Reasons why I kept my parents away from my step kids: when the kids were younger, dh and I hosted Christmas Eve so we can have dinner and open presents. My parents got my kids the most lavish gifts and my step kids a baby doll and pjs. I gave my parents so many chances and with the same shitty gifts every year. I stopped inviting them to dinner period. My dh is a peaceful person and wants all of us to get along. I get along with my step kids mom because we both love the kids. Dh makes time for all our kids together and individual, I take my youngest to dinner while dh takes the oldest shopping. We are very close and my parents are never happy for some reason. My step kids actually look more like me than my own kids and when I am asked how many kids do I have? Always four not two!
Anonymous
Anonymous wrote:
Anonymous wrote:
Anonymous wrote:
Anonymous wrote:Op, this sounds like an affair situation.


OP here,

Dh and I were childhood friends. Dh brother set us on a blind date after his divorce. My parents are old school and just cautious in general. My step kids are sweet kids and it just upsets me to the end how indifferent my parents act towards them.


They are step-grandkids, not grandkids. It does sound like you moved very quickly. You are very demanding of your parents. You have four kids and you need to support them and stop demanding others do it. There is no way to treat all these kids equally as they have two different sets of parents.



OP doesn’t want to treat them equally.

Her stepkids are allowed to have a relationship with their maternal grandparents without her kids.

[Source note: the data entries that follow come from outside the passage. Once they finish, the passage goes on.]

theorem lemma2p10:
  fixes u :: "nat \<Rightarrow> 'a::euclidean_space \<Rightarrow> real"
    and N :: "nat \<Rightarrow> 'a" and c :: "nat \<Rightarrow> real"
    and q :: nat and \<Omega> :: "'a set"
    and \<eta> :: "real \<Rightarrow> real" and \<Lambda> :: real
  assumes dim: "DIM('a) \<ge> 3"
    and affine: "\<And>m x. m \<le> q \<Longrightarrow> u m x = N m \<bullet> x + c m"
    and unit: "\<And>m. m \<le> q \<Longrightarrow> norm (N m) = 1"
    and Omega_def: "\<Omega> = {x. \<forall>m\<le>q. u m x \<le> 0}"
    and compact: "compact \<Omega>"
    and interior: "interior \<Omega> \<noteq> {}"
    and cond_a: "\<And>k. k \<le> q \<Longrightarrow> \<exists>x. u k x > 0 \<and> (\<forall>m\<le>q. m \<noteq> k \<longrightarrow> u m x \<le> 0)"
    and cond_c: "\<And>j k x. j < k \<Longrightarrow> k \<le> q \<Longrightarrow> x \<in> \<Omega> \<Longrightarrow> u j x = 0 \<Longrightarrow> u k x = 0
                   \<Longrightarrow> N j \<bullet> N k \<le> 0"
    and eta_smooth: "smooth_real \<eta>"
    and eta_even: "\<And>t. \<eta> (- t) = \<eta> t"
    and eta_abs: "\<And>t. \<bar>t\<bar> \<ge> 1/2 \<Longrightarrow> \<eta> t = \<bar>t\<bar>"
    and eta_convex: "\<And>t. deriv (deriv \<eta>) t \<ge> 0"
    and Lambda_gt: "\<Lambda> > 1"
    and Lambda: "\<And>x a. x \<in> \<Omega> \<Longrightarrow> (\<forall>i\<le>q. a i \<ge> 0) \<Longrightarrow>
                   (\<forall>i\<le>q. u i x \<le> - 2 / \<Lambda> \<longrightarrow> a i = 0) \<Longrightarrow>
                   (\<Sum>i\<le>q. a i) \<le> \<Lambda> * norm (\<Sum>i\<le>q. a i *\<^sub>R N i)"
  shows "\<forall>\<gamma>. 0 < \<gamma> \<and> \<gamma> < 1/2 \<longrightarrow>
          (\<exists>lbar. \<forall>l0. l0 > 1 \<and> l0 \<ge> lbar \<longrightarrow>
             (\<forall>k\<le>q. \<forall>x\<in>\<Omega>. - 1/\<Lambda> \<le> uhat \<eta> \<gamma> l0 u k x \<and> uhat \<eta> \<gamma> l0 u k x \<le> 0 \<longrightarrow>
                (\<exists>g. (uhat \<eta> \<gamma> l0 u k has_derivative (\<lambda>h. g \<bullet> h)) (at x) \<and> norm g \<ge> 1/\<Lambda>))
           \<and> (\<forall>x. uhat \<eta> \<gamma> l0 u q x = 0 \<longrightarrow>
                (\<exists>g. (uhat \<eta> \<gamma> l0 u q has_derivative (\<lambda>h. g \<bullet> h)) (at x) \<and> g \<noteq> 0)))"
proof -
  interpret abs_smoothing \<eta>
    using eta_smooth eta_even eta_abs eta_convex by unfold_locales
  have du: "(u m has_derivative (\<lambda>h. N m \<bullet> h)) (at x)" if "m \<le> q" for m x
    by (subst ext[of "u m", OF affine[OF that]]) (auto intro!: derivative_eq_intros)
  have grad: "\<exists>g. (uhat \<eta> \<gamma> l0 u k has_derivative (\<lambda>h. g \<bullet> h)) (at x) \<and> 1/\<Lambda> \<le> norm g"
    if "0 < \<gamma>" "\<gamma> < 1/2" "\<Lambda> \<le> l0" "k \<le> q" "x \<in> \<Omega>" "- 1/\<Lambda> \<le> uhat \<eta> \<gamma> l0 u k x"
    for \<gamma> l0 k x
    using norm_derivative_uhat_ge[of \<gamma> \<Lambda> l0 k q u N x] Lambda_gt that du Lambda[OF \<open>x \<in> \<Omega>\<close>] by simp
  show ?thesis
  proof (intro allI impI exI[of _ \<Lambda>] conjI ballI)
    fix \<gamma> l0 :: real and k x
    assume "0 < \<gamma> \<and> \<gamma> < 1/2" "1 < l0 \<and> \<Lambda> \<le> l0" "k \<le> q" "x \<in> \<Omega>"
      "- 1/\<Lambda> \<le> uhat \<eta> \<gamma> l0 u k x \<and> uhat \<eta> \<gamma> l0 u k x \<le> 0"
    then show "\<exists>g. (uhat \<eta> \<gamma> l0 u k has_derivative (\<lambda>h. g \<bullet> h)) (at x) \<and> 1/\<Lambda> \<le> norm g"
      using grad by blast
  next
    fix \<gamma> l0 :: real and x
    assume \<gamma>: "0 < \<gamma> \<and> \<gamma> < 1/2" and l0: "1 < l0 \<and> \<Lambda> \<le> l0" and zero: "uhat \<eta> \<gamma> l0 u q x = 0"
    then have "x \<in> \<Omega>"
      using u_le_uhat[of \<gamma> l0 _ q u x] Omega_def by auto
    then obtain g where "(uhat \<eta> \<gamma> l0 u q has_derivative (\<lambda>h. g \<bullet> h)) (at x)" "1/\<Lambda> \<le> norm g"
      using grad[of \<gamma> l0 q x] \<gamma> l0 zero Lambda_gt by auto
    then show "\<exists>g. (uhat \<eta> \<gamma> l0 u q has_derivative (\<lambda>h. g \<bullet> h)) (at x) \<and> g \<noteq> 0"
      using Lambda_gt by auto
  qed
qed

Her daughters are not allowed to travel with their grandparents unless their half sisters tag along.

That is not fair and it sure as hell isn’t equal. OP is using her kids as pawns to get her parents to fund her lifestyle. That is such terrible parenting, I just can’t. This is why blended families are so hard. OP is so impossibly immature, it’s hard to believe she’s old enough to have children.

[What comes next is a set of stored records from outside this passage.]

(* The degree of a clique is the size of its common neighbourhood: the (|T|+1)-cliques
   containing T are exactly T + w for common neighbours w. *)
lemma clique_deg_common_neighbours:
  assumes symE: "\<And>x y. E x y \<Longrightarrow> E y x" and irrE: "\<And>x. \<not> E x x"
    and T: "T \<subseteq> V" "finite T" "is_clique E T"
  shows "clique_deg V E T = card {w\<in>V. \<forall>x\<in>T. E w x}"
proof -
  let ?N = "{w\<in>V. \<forall>x\<in>T. E w x}"
  have "{R \<in> cliques V E (card T + 1). T \<subseteq> R} = (\<lambda>w. insert w T) ` ?N"
  proof (intro equalityI subsetI)
    fix R assume "R \<in> {R \<in> cliques V E (card T + 1). T \<subseteq> R}"
    then have R: "R \<subseteq> V" "is_clique E R" "T \<subseteq> R" "card R = Suc (card T)"
      unfolding cliques_def by auto
    obtain w where w: "w \<notin> T" "R = insert w T" by (rule card_Suc_superset[OF T(2) R(3,4)])
    have "\<forall>x\<in>T. E w x" using R(2) w(1) unfolding w(2) is_clique_def by auto
    then show "R \<in> (\<lambda>w. insert w T) ` ?N" using R(1) w by blast
  next
    fix R assume "R \<in> (\<lambda>w. insert w T) ` ?N"
    then obtain w where w: "w \<in> V" "\<forall>x\<in>T. E w x" and R: "R = insert w T" by blast
    have "w \<notin> T" using w irrE by blast
    moreover have "is_clique E R" using T(3) w symE unfolding R is_clique_def by blast
    ultimately show "R \<in> {R \<in> cliques V E (card T + 1). T \<subseteq> R}"
      using w T unfolding R cliques_def by auto
  qed
  moreover have "inj_on (\<lambda>w. insert w T) ?N"
    by (rule inj_onI) (use irrE in blast)
  ultimately show ?thesis unfolding clique_deg_def by (simp add: card_image)
qed

lemma pval_bound:
  assumes "0 < \<beta>"
  shows "1 \<le> (real (pval \<beta>) + 1) * \<beta>"
proof -
  have "1 \<le> \<lceil>1/\<beta>\<rceil>" using assms by simp
  then have "1/\<beta> \<le> real (pval \<beta>) + 1" unfolding pval_def by linarith
  then show ?thesis using assms by (simp add: field_simps)
qed

lemma cover_pointwise_two:
  assumes "finite C" "finite U" "C \<inter> U = {}" "X \<subseteq> C \<union> U"
  shows "(2::real) \<le> 2 * of_bool (X = {}) + (\<Sum>v\<in>U. of_bool (X = {v}))
           + 2 * (\<Sum>x\<in>C. of_bool (x \<in> X)) + (\<Sum>x\<in>U. of_bool (x \<in> X))"
proof -
  have "finite X" using assms finite_subset by blast
  consider "X = {}" | "C \<inter> X \<noteq> {}" | v where "v \<in> U" "X = {v}" | "X \<subseteq> U" "2 \<le> card X"
  proof (cases "X = {} \<or> C \<inter> X \<noteq> {}")
    case False
    then have "X \<subseteq> U" "X \<noteq> {}" using assms(4) by auto
    show ?thesis
    proof (cases "2 \<le> card X")
      case False
      moreover have "0 < card X" using \<open>X \<noteq> {}\<close> \<open>finite X\<close> by (simp add: card_gt_0_iff)
      ultimately have "card X = 1" by linarith
      then obtain v where "X = {v}" by (rule card_1_singletonE)
      then show ?thesis using that \<open>X \<subseteq> U\<close> by blast
    qed (use that \<open>X \<subseteq> U\<close> in blast)
  qed blast
  then show ?thesis
  proof cases
    case 2
    then have "1 \<le> card (C \<inter> X)" using assms(1) by (simp add: Suc_le_eq card_gt_0_iff)
    then show ?thesis using assms by simp
  next
    case (3 v)
    then have "U \<inter> {u. X = {u}} = {v}" "U \<inter> X = {v}" by auto
    then show ?thesis using assms by simp
  next
    case 4
    then have "U \<inter> X = X" by blast
    then show ?thesis using 4 assms by simp
  qed simp
qed

lemma cover_pointwise_one:
  assumes "finite C" "finite U" "card U \<le> 1" "X \<subseteq> C \<union> U"
  shows "(1::real) \<le> of_bool (X = {}) + (\<Sum>v\<in>U. of_bool (X = {v})) + (\<Sum>x\<in>C. of_bool (x \<in> X))"
proof -
  consider "X = {}" | "C \<inter> X \<noteq> {}" | v where "v \<in> U" "X = {v}"
  proof (cases "X = {} \<or> C \<inter> X \<noteq> {}")
    case False
    then obtain v where v: "v \<in> X" "X \<subseteq> U" using assms(4) by blast
    then have "U = {v}" using assms(2,3) card_le_Suc0_iff_eq[of U] by auto
    then show ?thesis using that v by blast
  qed blast
  then show ?thesis
  proof cases
    case 2
    then have "1 \<le> card (C \<inter> X)" using assms(1) by (simp add: Suc_le_eq card_gt_0_iff)
    then show ?thesis using assms by simp
  next
    case (3 v)
    then have "U \<inter> {u. X = {u}} = {v}" by auto
    then show ?thesis using assms by simp
  qed simp
qed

It absolutely is not about the kids and is about op and her greed.
Anonymous
Anonymous wrote:
Anonymous wrote:
Anonymous wrote:PP here. And I'm not saying OP's parents should take the step-grandchildren to Paris. I'm just saying that comparing their relationship with their step-grandkids to the ex-wife's parents' relationship to the OP's kids is not a good comparison at all.


I agree. Their daughter is not parenting these children. I still don't think they have to be taken to Paris-- really, four teenagers is a lot for an older couple!-- but it's not the same.

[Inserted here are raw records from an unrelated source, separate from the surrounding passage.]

(* For every positive integer $n$, the Wiener indices of the spiro ortho-chain $O_n$, the spiro meta-chain $M_n$ and the spiro para-chain $P_n$ are $$W(O_n)=\frac{25}{6}n^3+\frac{65}{2}n^2-\frac{29}{3}n,\quad W(M_n)=\frac{25}{3}n^3+20n^2-\frac{4}{3}n,\quad W(P_n)=\frac{25}{2}n^3+\frac{15}{2}n^2+7n.$$
   Context: The Wiener index is $W(G)=\sum_{\{u,v\}\subseteq V(G)}d_G(u,v)$, $d_G$ the shortest-path distance. A spiro hexagonal chain of length $n$, $G_n=H_0H_1\cdots H_{n-1}$, is a connected graph in which every block is a hexagon (6-cycle) $H_0,\dots,H_{n-1}$, each hexagon has at most two cut-vertices, each cut-vertex is shared by exactly two hexagons, and for $k=1,\dots,n-1$ the hexagons $H_{k-1}$ and $H_k$ share the cut-vertex $c_k$. For $k\ge1$, a vertex of $H_k$ at distance $1$, $2$, $3$ from $c_k$ is called an ortho-, meta-, para-vertex of $H_k$, denoted $o_k,m_k,p_k$. The spiro ortho-chain $O_n$ is the spiro hexagonal chain with $c_k=o_{k-1}$ for all $2\le k\le n-1$; the spiro meta-chain $M_n$ has $c_k=m_{k-1}$ and the spiro para-chain $P_n$ has $c_k=p_{k-1}$ for all $2\le k\le n-1$ (for $n\le2$ these conditions are vacuous). *)

theory Defs
  imports Complex_Main "HOL-Library.Product_Lexorder"
begin
(* Let $t \geq 1$ and $p \geq 3$ be integers. Let $m_1, \dots, m_p$ be distinct real numbers and $c_1, \dots, c_p$ be distinct real numbers. For $i, j \in [p]$ let $L_{i,j}$ be the line $\{(x, m_i x + c_j) : x \in \mathbb{R}\} \subseteq \mathbb{R}^2$, and let $A_{i,j}$ be the set of points $(a,b) \in \mathbb{R}^2$ for which there exist $i', j' \in [p]$ with $(i',j') \neq (i,j)$ such that $L_{i,j}$ and $L_{i',j'}$ intersect at $(a,b)$. To each point $(a,b)$ in $\bigcup_{i,j} A_{i,j}$ assign a $t$-element set $T_{(a,b)}$, these sets being pairwise disjoint, and let $B_{i,j} = \bigcup_{(a,b) \in A_{i,j}} T_{(a,b)}$. Let $\mathcal{B} = \{B_{i,j} : i, j \in [p]\}$. Let $\mathcal{L}$ be a largest $t$-intersecting sub-family of $\mathcal{B}$, let $k \geq 1$ be an integer and let $\mathcal{A}_1, \dots, \mathcal{A}_k$ be cross-$t$-intersecting sub-families of $\mathcal{B}$. Then: (i) $\kappa(\mathcal{B},t) = |\mathcal{L}| = p$; (ii) if $k \geq \kappa(\mathcal{B},t)$ and $\mathcal{A}_1 = \dots = \mathcal{A}_k = \mathcal{L}$, then $\prod_{i=1}^k |\mathcal{A}_i|$ is maximum among all $k$-tuples of cross-$t$-intersecting sub-families of $\mathcal{B}$; (iii) if $k < \kappa(\mathcal{B},t)$ and $\mathcal{A}_1 = \dots = \mathcal{A}_k = \mathcal{L}$, then $\prod_{i=1}^k |\mathcal{A}_i|$ is not maximum among all $k$-tuples of cross-$t$-intersecting sub-families of $\mathcal{B}$.
   Context: $[p] = \{1,\dots,p\}$. A family $\mathcal{A}$ is $t$-intersecting if $|A \cap B| \geq t$ for all $A, B \in \mathcal{A}$ with $A \neq B$. Families $\mathcal{A}_1, \dots, \mathcal{A}_k$ (not necessarily distinct or non-empty) are cross-$t$-intersecting if for all $i \neq j$, $|A \cap B| \geq t$ for every $A \in \mathcal{A}_i$, $B \in \mathcal{A}_j$. $l(\mathcal{F},t)$ is the size of a largest $t$-intersecting sub-family of $\mathcal{F}$. For a family $\mathcal{A}$, $\mathcal{A}^{t,+} = \{A \in \mathcal{A} : |A \cap B| \geq t \text{ for all } B \in \mathcal{A}\setminus\{A\}\}$ and $\mathcal{A}^{t,-} = \mathcal{A} \setminus \mathcal{A}^{t,+}$. For $\mathcal{A} \subseteq \mathcal{F}$, $\beta(\mathcal{F},t,\mathcal{A}) = \frac{l(\mathcal{F},t) - |\mathcal{A}^{t,+}|}{|\mathcal{A}^{t,-}|}$ if $\mathcal{A}^{t,-} \neq \emptyset$, and $\frac{l(\mathcal{F},t)}{|\mathcal{F}|}$ otherwise; $\beta(\mathcal{F},t) = \min_{\mathcal{A} \subseteq \mathcal{F}} \beta(\mathcal{F},t,\mathcal{A})$ and $\kappa(\mathcal{F},t) = 1/\beta(\mathcal{F},t)$. *)

theory Defs
  imports Complex_Main
begin

definition t_intersecting :: "nat \<Rightarrow> 'a set set \<Rightarrow> bool" where
  "t_intersecting t \<A> \<longleftrightarrow> (\<forall>A\<in>\<A>. \<forall>B\<in>\<A>. A \<noteq> B \<longrightarrow> t \<le> card (A \<inter> B))"

definition cross_t_intersecting :: "nat \<Rightarrow> nat \<Rightarrow> (nat \<Rightarrow> 'a set set) \<Rightarrow> bool" where
  "cross_t_intersecting t k As \<longleftrightarrow>
     (\<forall>i\<in>{1..k}. \<forall>j\<in>{1..k}. i \<noteq> j \<longrightarrow> (\<forall>A\<in>As i. \<forall>B\<in>As j. t \<le> card (A \<inter> B)))"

Seeking sameness in a "blended" family is stupid and counterproductive. And they're already being treated differently because OP has tried to keep her parents from visiting when the stepkids are there.


Reasons why I kept my parents away from my step kids: when the kids were younger, dh and I hosted Christmas Eve so we can have dinner and open presents. My parents got my kids the most lavish gifts and my step kids a baby doll and pjs. I gave my parents so many chances and with the same shitty gifts every year. I stopped inviting them to dinner period. My dh is a peaceful person and wants all of us to get along. I get along with my step kids mom because we both love the kids. Dh makes time for all our kids together and individual, I take my youngest to dinner while dh takes the oldest shopping. We are very close and my parents are never happy for some reason. My step kids actually look more like me than my own kids and when I am asked how many kids do I have? Always four not two!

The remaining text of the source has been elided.